Di sisi lain Shofwan mengatakan bahwa posisi geografis Indonesia memberi peluang unik dalam geopolitik global, “seperti Indonesia dapat menawarkan jalur aman bagi negara-negara yang terisolasi oleh blok politik tertentu, menjadi inisiator koalisi netral, serta dapat memposisikan diri sebagai pusat penelitian dan pertemuan internasional terkait Antarktika dapat meningkatkan daya tawar Indonesia dalam forum global.”
Namun, Shofwan menekankan bahwa peran ini harus dijalankan dengan hati-hati agar Indonesia tidak terjebak menjadi instrumen salah satu kekuatan besar.
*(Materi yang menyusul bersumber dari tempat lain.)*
lemma dvd_sub_one_of_dvd_odd_power_sub_one:
  fixes p x :: int
  assumes "[x = 1] (mod p) \<or> [x = - 1] (mod p)" "p dvd x ^ k - 1" "odd k" "\<not> p dvd 2"
  shows "p dvd x - 1"
proof -
  have "\<not> [x = - 1] (mod p)"
  proof
    assume "[x = - 1] (mod p)"
    then have "[x ^ k = - 1] (mod p)"
      using cong_pow[of x "- 1" p k] \<open>odd k\<close> by simp
    moreover have "[x ^ k = 1] (mod p)"
      using assms(2) by (simp add: cong_iff_dvd_diff)
    ultimately have "[1 = - 1] (mod p)"
      by (metis cong_sym cong_trans)
    with assms(4) show False
      by (simp add: cong_iff_dvd_diff)
  qed
  with assms(1) show ?thesis
    by (simp add: cong_iff_dvd_diff)
qed

lemma double_exponent_le_of_power_dvd:
  fixes b c :: int
  assumes "c > 4" "b > 1" "Y \<ge> 4" "b ^ Y < c ^ Z" "c ^ m dvd b\<^sup>2 + b + 1"
  shows "2 * m \<le> Z"
proof -
  have "c ^ m \<le> b\<^sup>2 + b + 1"
    using assms(2,5) by (intro zdvd_imp_le) (simp_all add: add_pos_pos)
  also have "\<dots> \<le> 2 * b\<^sup>2"
    using mult_right_mono[of 2 b b] assms(2) unfolding power2_eq_square by linarith
  finally have "c ^ m \<le> 2 * b\<^sup>2" .
  have "c ^ (2 * m) = (c ^ m)\<^sup>2"
    by (simp add: power_mult mult.commute)
  also have "\<dots> \<le> (2 * b\<^sup>2)\<^sup>2"
    using \<open>c ^ m \<le> 2 * b\<^sup>2\<close> assms(1) by (intro power_mono) simp_all
  also have "\<dots> = 4 * b ^ 4"
    by (simp add: power_mult_distrib flip: power_mult)
  also have "\<dots> < c * b ^ 4"
    using assms(1,2) by (intro mult_strict_right_mono) simp_all
  also have "\<dots> \<le> c * b ^ Y"
    using assms(1-3) by (intro mult_left_mono power_increasing) simp_all
  also have "\<dots> < c * c ^ Z"
    using assms(1,4) by (intro mult_strict_left_mono) simp_all
  also have "\<dots> = c ^ (Z + 1)"
    by simp
  finally have "2 * m < Z + 1"
    using assms(1) power_strict_increasing_iff[of c "2 * m" "Z + 1"] by simp
  then show ?thesis
    by simp
qed

lemma power_dvd_trinomial_of_pm_ord_three:
  fixes p b :: int
  assumes "prime p" "pm_ord p b = 3" "p ^ m dvd b ^ 3 - 1"
  shows "p ^ m dvd b\<^sup>2 + b + 1"
proof -
  have "\<not> p dvd b - 1"
    using not_cong_one_below_pm_ord[of 1 p b] assms(2) by (simp add: cong_iff_dvd_diff)
  then have "coprime (p ^ m) (b - 1)"
    using assms(1) by (simp add: prime_imp_coprime)
  moreover have "b ^ 3 - 1 = (b - 1) * (b\<^sup>2 + b + 1)"
    by (simp add: algebra_simps power2_eq_square power3_eq_cube)
  ultimately show ?thesis
    using assms(3) coprime_dvd_mult_right_iff by metis
qed
theorem mainTheorem4:
  shows "\<forall>\<epsilon>::real. \<epsilon> > 0 \<longrightarrow> (\<exists>\<delta>::real. \<delta> > 0 \<and>
     (\<forall>(V::nat set) (w::nat \<Rightarrow> nat \<Rightarrow> real).
        finite V \<and> (\<forall>x y. 0 \<le> w x y) \<and> (\<forall>x y. w x y = w y x) \<and> (\<forall>x. w x x = 0) \<longrightarrow>
        (\<forall>c X Y c'. reachable w \<delta> V c \<and> step w \<delta> c (Some (X, Y)) c' \<longrightarrow>
           cadj w (fst c) X Y \<and> wmax w (fst c) / (1 + \<epsilon>) \<le> cw w X Y)))"
proof (intro allI impI)
  fix \<epsilon> :: real
  assume "\<epsilon> > 0"
  define \<delta> where "\<delta> = sqrt (1 + \<epsilon>) - 1"
  have "0 < \<delta>"
    using \<open>\<epsilon> > 0\<close> by (simp add: \<delta>_def real_less_rsqrt)
  have square: "(1 + \<delta>)\<^sup>2 = 1 + \<epsilon>"
    using \<open>\<epsilon> > 0\<close> by (simp add: \<delta>_def)
  have "cadj w (fst c) X Y \<and> wmax w (fst c) / (1 + \<epsilon>) \<le> cw w X Y"
    if "finite V" "\<forall>x y. 0 \<le> w x y" "reachable w \<delta> V c" "step w \<delta> c (Some (X, Y)) c'"
    for V w c X Y c'
  proof -
    interpret parhac_run w \<delta> V
      using that(1,2) \<open>0 < \<delta>\<close> by unfold_locales auto
    show ?thesis
      using reachable_merge_approx[OF that(3,4)] square \<open>\<epsilon> > 0\<close>
      by (simp add: pos_divide_le_eq mult.commute)
  qed
  with \<open>0 < \<delta>\<close> show "\<exists>\<delta>::real. \<delta> > 0 \<and>
     (\<forall>(V::nat set) (w::nat \<Rightarrow> nat \<Rightarrow> real).
        finite V \<and> (\<forall>x y. 0 \<le> w x y) \<and> (\<forall>x y. w x y = w y x) \<and> (\<forall>x. w x x = 0) \<longrightarrow>
        (\<forall>c X Y c'. reachable w \<delta> V c \<and> step w \<delta> c (Some (X, Y)) c' \<longrightarrow>
           cadj w (fst c) X Y \<and> wmax w (fst c) / (1 + \<epsilon>) \<le> cw w X Y))"
    by blast
qed

end
lemma S_map_rescaled:
  fixes a b :: nat and z :: "nat \<Rightarrow> real"
  defines "q \<equiv> z (a - 1)"
  assumes ab: "a \<ge> 1" "b \<ge> 2" and z: "z \<in> B_set a b" and q: "2 * q \<le> z (a+b-2)"
  shows "S_map a b z \<in> B_set a b"
    and "coord_sum (a+b-1) (S_map a b z) = (coord_sum (a+b-1) z - (real b - 1) * q) / (1 - q)"
    and "S_map a b z (a+b-2) = (z (a+b-2) - q) / (1 - q)"
proof -
  define K where "K = a + b - 2"
  define ys where "ys = sort (head_entries a b z) @ [z K - q]"
  have K: "a + b - 1 = Suc K" "a \<le> K" "K - a = b - 2" using ab unfolding K_def by auto
  have S: "S_map a b z = restrict (\<lambda>i. ys ! i / (1 - q)) {..<Suc K}"
    using S_map_explicit[OF ab z q[unfolded q_def]] unfolding ys_def K_def q_def K(1)[unfolded K_def] .
  have len: "length ys = Suc K" unfolding ys_def head_entries_def using K by simp
  have bounds: "0 \<le> w" "w \<le> z K - q" if "w \<in> set (head_entries a b z)" for w
    using head_entries_bounds[OF ab z _ that] q unfolding q_def K_def by auto
  have "0 \<le> q" unfolding q_def using Lam_nonneg[of z "a + b - 1" "a - 1"] z ab
    unfolding B_set_def by simp
  moreover have "z K \<le> 1" using z unfolding B_set_def K_def by simp
  ultimately have q1: "0 \<le> q" "q < 1" "z K - q \<le> 1 - q" using q unfolding K_def by auto
  have sorted: "sorted ys" unfolding ys_def using bounds by (auto simp: sorted_append)
  have nonneg: "0 \<le> w" if "w \<in> set ys" for w
    using that bounds q q1 unfolding ys_def K_def by auto
  show "S_map a b z (a+b-2) = (z (a+b-2) - q) / (1 - q)"
    unfolding S using len by (simp add: ys_def nth_append K_def)
  have "sum_list ys = (\<Sum>i<a. z i) + (\<Sum>i=a..<K. z i - q) + (z K - q)"
    unfolding ys_def head_entries_def K_def[symmetric]
    by (simp add: sum_list_sort_eq interv_sum_list_conv_sum_set_nat atLeast0LessThan q_def)
  also have "\<dots> = coord_sum (Suc K) z - (real b - 1) * q"
  proof -
    have "(\<Sum>i<K. z i) = (\<Sum>i<a. z i) + (\<Sum>i=a..<K. z i)"
      using K(2) by (metis atLeast0LessThan sum.atLeastLessThan_concat zero_le)
    then show ?thesis
      using K ab unfolding coord_sum_def by (simp add: sum_subtractf of_nat_diff algebra_simps)
  qed
  finally have "sum_list ys = coord_sum (Suc K) z - (real b - 1) * q" .
  then show "coord_sum (a+b-1) (S_map a b z) = (coord_sum (a+b-1) z - (real b - 1) * q) / (1 - q)"
    unfolding coord_sum_def S K(1) using len
    by (simp add: sum_divide_distrib[symmetric] sum_list_sum_nth atLeast0LessThan)
  have "S_map a b z \<in> Lam (Suc K)"
    unfolding Lam_def S using sorted nonneg len q1
    by (auto intro!: divide_right_mono sorted_nth_mono divide_nonneg_pos)
  moreover have "S_map a b z K \<le> 1"
    unfolding S using len q1 by (simp add: ys_def nth_append)
  ultimately show "S_map a b z \<in> B_set a b"
    unfolding B_set_def K(1) K_def by simp
qed

definition D_set :: "nat \<Rightarrow> nat \<Rightarrow> (nat \<Rightarrow> real) set" where
  "D_set a b = {z \<in> B_set a b. coord_sum (a+b-1) z < 1 \<and> coord_sum (a+b-1) z < 2 * z (a+b-2)}"

text \<open>sign_form a b z = (\<beta> - s) - 4 (\<beta> t - s) in the notation of the header.\<close>

definition sign_form :: "nat \<Rightarrow> nat \<Rightarrow> (nat \<Rightarrow> real) \<Rightarrow> real" where
  "sign_form a b z = (real b - 1) * (1 - 4 * z (a+b-2)) + 3 * coord_sum (a+b-1) z"

lemma S_map_D_set:
  assumes ab: "a \<ge> 1" "b \<ge> 3" and z: "z \<in> D_set a b"
  shows "S_map a b z \<in> D_set a b"
    and "sign_form a b (S_map a b z) = sign_form a b z / (1 - z (a - 1))"
    and "z (a - 1) < 1"
proof -
  define s q t where "s = coord_sum (a+b-1) z" and "q = z (a - 1)" and "t = z (a+b-2)"
  have zB: "z \<in> B_set a b" and s: "s < 1" "s < 2 * t"
    using z unfolding D_set_def s_def t_def by auto
  have zLam: "z \<in> Lam (a + b - 1)" and t1: "t \<le> 1"
    using zB unfolding B_set_def t_def by auto
  have "a - 1 \<notin> {a, a+b-2}" "a \<noteq> a+b-2" using ab by auto
  then have "z (a - 1) + z a + t = sum z {a - 1, a, a+b-2}"
    unfolding t_def by simp
  also have "\<dots> \<le> s"
    unfolding s_def coord_sum_def using ab Lam_nonneg[OF zLam]
    by (intro sum_mono2) auto
  finally have "q + z a + t \<le> s" unfolding q_def .
  moreover have "q \<le> z a" unfolding q_def using Lam_mono[OF zLam] ab by simp
  ultimately have q: "2 * q < t" using s by linarith
  have q0: "0 \<le> q" unfolding q_def using Lam_nonneg[OF zLam] ab by simp
  show q1: "z (a - 1) < 1" using q q0 t1 unfolding q_def by linarith
  have b2: "real b - 1 \<ge> 2" using ab by simp
  have "b \<ge> 2" using ab by simp
  note S = S_map_rescaled[OF ab(1) this zB, folded s_def q_def t_def, OF less_imp_le[OF q]]
  have c: "0 < 1 - q" using q1 unfolding q_def by simp
  have "2 * q \<le> (real b - 1) * q" using mult_right_mono[OF b2 q0] .
  then have "s - (real b - 1) * q < 1 - q" "s - (real b - 1) * q < 2 * (t - q)"
    using s q0 by (simp_all add: algebra_simps)
  then have "(s - (real b - 1) * q) / (1 - q) < 1"
    "(s - (real b - 1) * q) / (1 - q) < 2 * ((t - q) / (1 - q))"
    using c divide_strict_right_mono[of _ "2 * (t - q)" "1 - q"] by (simp_all add: pos_divide_less_eq)
  then show "S_map a b z \<in> D_set a b" using S unfolding D_set_def by simp
  have "coord_sum (a+b-1) (S_map a b z) * (1 - q) = s - (real b - 1) * q"
    "S_map a b z (a+b-2) * (1 - q) = t - q"
    using S c by simp_all
  then have "sign_form a b (S_map a b z) * (1 - q) = sign_form a b z"
    unfolding sign_form_def s_def[symmetric] t_def[symmetric] by algebra
  then show "sign_form a b (S_map a b z) = sign_form a b z / (1 - z (a - 1))"
    using c unfolding q_def by (simp add: eq_divide_eq)
qed
lemma append_col_isometry:
  assumes C: "C \<in> carrier_mat n j" and CC: "adj C * C = 1\<^sub>m j"
    and u: "u \<in> carrier_vec n" and Cu: "adj C *\<^sub>v u = 0\<^sub>v j" and uu: "vinner u u = 1"
  shows "adj (append_col C u) * append_col C u = 1\<^sub>m (Suc j)"
proof (rule eq_matI)
  let ?C = "append_col C u"
  have orth: "(\<Sum>i<n. cnj (C $$ (i,c)) * u $ i) = 0" if "c < j" for c
    using arg_cong[OF Cu, of "\<lambda>x. x $ c"] C u that
    by (simp add: scalar_prod_def row_def atLeast0LessThan)
  fix a b assume "a < dim_row (1\<^sub>m (Suc j))" "b < dim_col (1\<^sub>m (Suc j))"
  hence a: "a < Suc j" and b: "b < Suc j" by auto
  have "(adj ?C * ?C) $$ (a,b) = (\<Sum>i<n. cnj (?C $$ (i,a)) * ?C $$ (i,b))"
    using a b append_col_carrier[OF C] by (intro adj_mult_index) auto
  also have "\<dots> = 1\<^sub>m (Suc j) $$ (a,b)"
  proof (cases "a < j"; cases "b < j")
    assume "a < j" "b < j"
    thus ?thesis using C CC adj_mult_index[OF C C, of a b]
      by (simp add: append_col_def)
  next
    assume "a < j" "\<not> b < j"
    thus ?thesis using C b orth[of a] by (simp add: append_col_def)
  next
    assume "\<not> a < j" "b < j"
    hence "(\<Sum>i<n. cnj (?C $$ (i,a)) * ?C $$ (i,b)) = cnj (\<Sum>i<n. cnj (C $$ (i,b)) * u $ i)"
      using C a by (simp add: append_col_def mult.commute)
    thus ?thesis using orth[of b] \<open>b < j\<close> \<open>\<not> a < j\<close> a by simp
  next
    assume "\<not> a < j" "\<not> b < j"
    thus ?thesis using C u a b uu by (simp add: append_col_def vinner_def)
  qed
  finally show "(adj ?C * ?C) $$ (a,b) = 1\<^sub>m (Suc j) $$ (a,b)" .
qed (use C in \<open>auto simp: append_col_def\<close>)

lemma append_col_mult_vec:
  assumes C: "C \<in> carrier_mat n j" and u: "u \<in> carrier_vec n" and x: "x \<in> carrier_vec (Suc j)"
  shows "append_col C u *\<^sub>v x = C *\<^sub>v vec j (\<lambda>c. x $ c) + (x $ j) \<cdot>\<^sub>v u"
proof (rule eq_vecI)
  fix i assume "i < dim_vec (C *\<^sub>v vec j (\<lambda>c. x $ c) + (x $ j) \<cdot>\<^sub>v u)"
  hence i: "i < n" using u by simp
  have "(append_col C u *\<^sub>v x) $ i = (\<Sum>c<Suc j. append_col C u $$ (i,c) * x $ c)"
    using i x C by (simp add: append_col_def scalar_prod_def row_def atLeast0LessThan)
  also have "\<dots> = (\<Sum>c<j. C $$ (i,c) * x $ c) + u $ i * x $ j"
    using i C by (simp add: append_col_def)
  finally show "(append_col C u *\<^sub>v x) $ i = (C *\<^sub>v vec j (\<lambda>c. x $ c) + (x $ j) \<cdot>\<^sub>v u) $ i"
    using i u C by (simp add: scalar_prod_def row_def atLeast0LessThan mult.commute)
qed (use C u in \<open>auto simp: append_col_def\<close>)
lemma mono3_mem_monomial_products_iff:
  fixes S S' :: "'a::comm_ring_1 poly poly poly set"
  assumes "S \<subseteq> monomials3" "S' \<subseteq> monomials3"
  shows "mono3 a b c \<in> {s * s' | s s'. s \<in> S \<and> s' \<in> S'} \<longleftrightarrow>
    (\<exists>a1 b1 c1 a2 b2 c2. mono3 a1 b1 c1 \<in> S \<and> mono3 a2 b2 c2 \<in> S' \<and>
      a = a1 + a2 \<and> b = b1 + b2 \<and> c = c1 + c2)"
proof
  assume "mono3 a b c \<in> {s * s' | s s'. s \<in> S \<and> s' \<in> S'}"
  then obtain s s' where "mono3 a b c = s * s'" "s \<in> S" "s' \<in> S'"
    by blast
  moreover obtain a1 b1 c1 a2 b2 c2 where "s = mono3 a1 b1 c1" "s' = mono3 a2 b2 c2"
    using calculation(2,3) assms by blast
  ultimately have "mono3 a1 b1 c1 \<in> S" "mono3 a2 b2 c2 \<in> S'"
    "mono3 a b c = (mono3 a1 b1 c1 * mono3 a2 b2 c2 :: 'a poly poly poly)"
    by simp_all
  then show "\<exists>a1 b1 c1 a2 b2 c2. mono3 a1 b1 c1 \<in> S \<and> mono3 a2 b2 c2 \<in> S' \<and>
      a = a1 + a2 \<and> b = b1 + b2 \<and> c = c1 + c2"
    unfolding mono3_mult by (blast dest: mono3_inj)
next
  assume "\<exists>a1 b1 c1 a2 b2 c2. mono3 a1 b1 c1 \<in> S \<and> mono3 a2 b2 c2 \<in> S' \<and>
      a = a1 + a2 \<and> b = b1 + b2 \<and> c = c1 + c2"
  then obtain a1 b1 c1 a2 b2 c2 where "mono3 a1 b1 c1 \<in> S" "mono3 a2 b2 c2 \<in> S'"
      "mono3 a b c = (mono3 a1 b1 c1 * mono3 a2 b2 c2 :: 'a poly poly poly)"
    by (auto simp: mono3_mult)
  then show "mono3 a b c \<in> {s * s' | s s'. s \<in> S \<and> s' \<in> S'}"
    by blast
qed

lemma mono3_mem_ideal_prod_iff:
  assumes "S \<subseteq> monomials3" "S' \<subseteq> monomials3"
  shows "mono3 p q r \<in> ideal_prod (ideal_gen S) (ideal_gen S') \<longleftrightarrow>
    (\<exists>a1 b1 c1 a2 b2 c2. mono3 a1 b1 c1 \<in> S \<and> mono3 a2 b2 c2 \<in> S' \<and>
      a1 + a2 \<le> p \<and> b1 + b2 \<le> q \<and> c1 + c2 \<le> r)"
  unfolding ideal_prod_ideal_gen mono3_mem_ideal_gen_iff[OF monomial_products_subset[OF assms]]
    mono3_mem_monomial_products_iff[OF assms]
  by blast

lemma one_notin_generators_if_proper:
  "ideal_gen S \<noteq> UNIV \<Longrightarrow> 1 \<notin> S"
  using generators_subset_ideal_gen[of S] ideal_eq_UNIV_if_one_mem[OF is_ideal_ideal_gen, of S] by auto

text \<open>Here \<open>a, b\<close> (resp. \<open>c, d\<close>) are the exponents of generators of \<open>J\<close> and \<open>K\<close> whose
  product divides \<open>x m\<close> (resp. \<open>y m'\<close>), and \<open>u, v\<close> are the exponents of \<open>m, m'\<close>; the last
  case is the one where \<open>m m'\<close> is divisible by \<open>z\<close>.\<close>

lemma exponent_cases:
  fixes a1 a2 a3 b1 b2 b3 c1 c2 c3 d1 d2 d3 u1 u2 u3 v1 v2 v3 :: nat
  assumes "a1 + b1 \<le> u1 + 1" "a2 + b2 \<le> u2" "a3 + b3 \<le> u3"
    and "c1 + d1 \<le> v1" "c2 + d2 \<le> v2 + 1" "c3 + d3 \<le> v3"
    and "0 < a1 + a2 + a3" "0 < b1 + b2 + b3" "0 < c1 + c2 + c3" "0 < d1 + d2 + d3"
  obtains "a1 + b1 \<le> u1 + v1" "a2 + b2 \<le> u2 + v2" "a3 + b3 \<le> u3 + v3"
  | "a1 + d1 \<le> u1 + v1" "a2 + d2 \<le> u2 + v2" "a3 + d3 \<le> u3 + v3"
  | "c1 + b1 \<le> u1 + v1" "c2 + b2 \<le> u2 + v2" "c3 + b3 \<le> u3 + v3"
  | "c1 + d1 \<le> u1 + v1" "c2 + d2 \<le> u2 + v2" "c3 + d3 \<le> u3 + v3"
  | "a3 + b3 < u3 + v3" "c3 + d3 < u3 + v3"
proof -
  consider "1 \<le> c1 + d1 \<or> a1 + b1 = 0" | "1 \<le> a2 + b2 \<or> c2 + d2 = 0" | "1 \<le> b1" "1 \<le> c2"
    | "1 \<le> a1" "1 \<le> d2" | "0 < a3 + b3" "0 < c3 + d3"
    using assms by arith
  then show thesis
    using assms that by cases linarith+
qed

lemma mono3_mult_mem_ideal_prod_cases:
  fixes S S' :: "'a::comm_ring_1 poly poly poly set"
  assumes S: "S \<subseteq> monomials3" "1 \<notin> S" and S': "S' \<subseteq> monomials3" "1 \<notin> S'"
  defines "I \<equiv> ideal_prod (ideal_gen S) (ideal_gen S')"
  assumes x_mem: "mono3 (Suc i) j k \<in> I" and y_mem: "mono3 i' (Suc j') k' \<in> I"
  shows "mono3 (i + i') (j + j') (k + k') \<in> I \<or>
    (\<exists>w. k + k' = Suc w \<and> mono3 (Suc (i + i')) (j + j') w \<in> I \<and> mono3 (i + i') (Suc (j + j')) w \<in> I)"
proof -
  note mem_I = mono3_mem_ideal_prod_iff[OF S(1) S'(1), folded I_def]
  have mem_I_if_divides: "mono3 p q r \<in> I"
    if "mono3 e1 e2 e3 \<in> S" "mono3 f1 f2 f3 \<in> S'" "e1 + f1 \<le> p" "e2 + f2 \<le> q" "e3 + f3 \<le> r"
    for e1 e2 e3 f1 f2 f3 p q r
    unfolding mem_I using that by blast
  have pos: "0 < e1 + e2 + e3" if "mono3 e1 e2 e3 \<in> S \<or> mono3 e1 e2 e3 \<in> S'" for e1 e2 e3
    using that S(2) S'(2) by (cases "e1 = 0 \<and> e2 = 0 \<and> e3 = 0") auto
  obtain a1 a2 a3 b1 b2 b3 where ab: "mono3 a1 a2 a3 \<in> S" "mono3 b1 b2 b3 \<in> S'"
    "a1 + b1 \<le> i + 1" "a2 + b2 \<le> j" "a3 + b3 \<le> k"
    using x_mem mem_I by auto
  obtain c1 c2 c3 d1 d2 d3 where cd: "mono3 c1 c2 c3 \<in> S" "mono3 d1 d2 d3 \<in> S'"
    "c1 + d1 \<le> i'" "c2 + d2 \<le> j' + 1" "c3 + d3 \<le> k'"
    using y_mem mem_I by auto
  have "0 < a1 + a2 + a3" "0 < b1 + b2 + b3" "0 < c1 + c2 + c3" "0 < d1 + d2 + d3"
    using pos ab(1,2) cd(1,2) by blast+
  then show ?thesis
  proof (rule exponent_cases[OF ab(3-5) cd(3-5)])
    assume "a1 + b1 \<le> i + i'" "a2 + b2 \<le> j + j'" "a3 + b3 \<le> k + k'"
    with mem_I_if_divides[OF ab(1,2)] show ?thesis by blast
  next
    assume "a1 + d1 \<le> i + i'" "a2 + d2 \<le> j + j'" "a3 + d3 \<le> k + k'"
    with mem_I_if_divides[OF ab(1) cd(2)] show ?thesis by blast
  next
    assume "c1 + b1 \<le> i + i'" "c2 + b2 \<le> j + j'" "c3 + b3 \<le> k + k'"
    with mem_I_if_divides[OF cd(1) ab(2)] show ?thesis by blast
  next
    assume "c1 + d1 \<le> i + i'" "c2 + d2 \<le> j + j'" "c3 + d3 \<le> k + k'"
    with mem_I_if_divides[OF cd(1,2)] show ?thesis by blast
  next
    assume z: "a3 + b3 < k + k'" "c3 + d3 < k + k'"
    then obtain w where w: "k + k' = Suc w"
      using less_imp_Suc_add by blast
    have "mono3 (Suc (i + i')) (j + j') w \<in> I"
      by (rule mem_I_if_divides[OF ab(1,2)]) (use ab z w in linarith)+
    moreover have "mono3 (i + i') (Suc (j + j')) w \<in> I"
      by (rule mem_I_if_divides[OF cd(1,2)]) (use cd z w in linarith)+
    ultimately show ?thesis
      using w by blast
  qed
qed
(* Let $N\ge3$. For $\alpha>0$ let $$\Lambda_\alpha=\inf_{0\ne u\in H^1_{0,\mathrm{rad}}(B)}\frac{\int_B|Du|^2dx}{\int_B(1-|x|)^\alpha|u|^2dx}.$$ Then there exists $C>0$ such that $\liminf_{\alpha\to\infty}\alpha^{-2}\Lambda_\alpha\ge C$.
   Context: $B=B(0,1)\subset\mathbb R^N$; $H^1_{0,\mathrm{rad}}(B)$ denotes radial functions in $H^1_0(B)$. ($\Lambda_\alpha$ is the radial best constant $S_{\alpha,\mathrm{rad}}$ in the case $R=1$, $p=1$.) *)

theory Defs
  imports "HOL-Analysis.Analysis"
begin

coinductive smooth_fun :: "('a::euclidean_space \<Rightarrow> real) \<Rightarrow> bool" where
  "(\<forall>x. f differentiable (at x)) \<Longrightarrow>
   (\<forall>i\<in>Basis. smooth_fun (\<lambda>x. frechet_derivative f (at x) i)) \<Longrightarrow> smooth_fun f"

definition grad :: "('a::euclidean_space \<Rightarrow> real) \<Rightarrow> 'a \<Rightarrow> 'a" where
  "grad f x = (\<Sum>i\<in>Basis. frechet_derivative f (at x) i *\<^sub>R i)"

definition test_fun :: "('a::euclidean_space \<Rightarrow> real) \<Rightarrow> bool" where
  "test_fun \<phi> \<longleftrightarrow> smooth_fun \<phi> \<and> closure {x. \<phi> x \<noteq> 0} \<subseteq> ball 0 1"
Keseimbangan diplomasi antara blok Barat dan negara-negara seperti Rusia atau Tiongkok menjadi kunci.

“Jika eksplorasi sumber daya di Antarktika berlangsung tanpa regulasi ketat, dampak lingkungan bersifat global. Indonesia berisiko hanya menerima efek negatif seperti kerusakan ekosistem laut dan perubahan iklim yang lebih cepat tanpa memperoleh manfaat ekonomi langsung. Oleh karena itu, strategi yang mengutamakan keberlanjutan, diplomasi multilateral, dan perlindungan lingkungan menjadi penting,” jelas Shofwan,
Lebih lanjut ia mengatakan, Antartika adalah kawasan di mana isu lingkungan global dan geopolitik saling bertemu. Perubahan di cryosphere memengaruhi kehidupan di negara tropis seperti Indonesia, sementara dinamika politik di kawasan tersebut dapat membuka peluang maupun ancaman strategis.
Sebagai penutup Shofwan mengatakan, “dengan memanfaatkan posisi geografis dan kapasitas diplomatiknya, Indonesia berpotensi menjadi aktor kunci dalam menjaga keberlanjutan dan kestabilan Antarktika, sekaligus melindungi kepentingan nasionalnya di tengah persaingan global yang semakin kompleks.”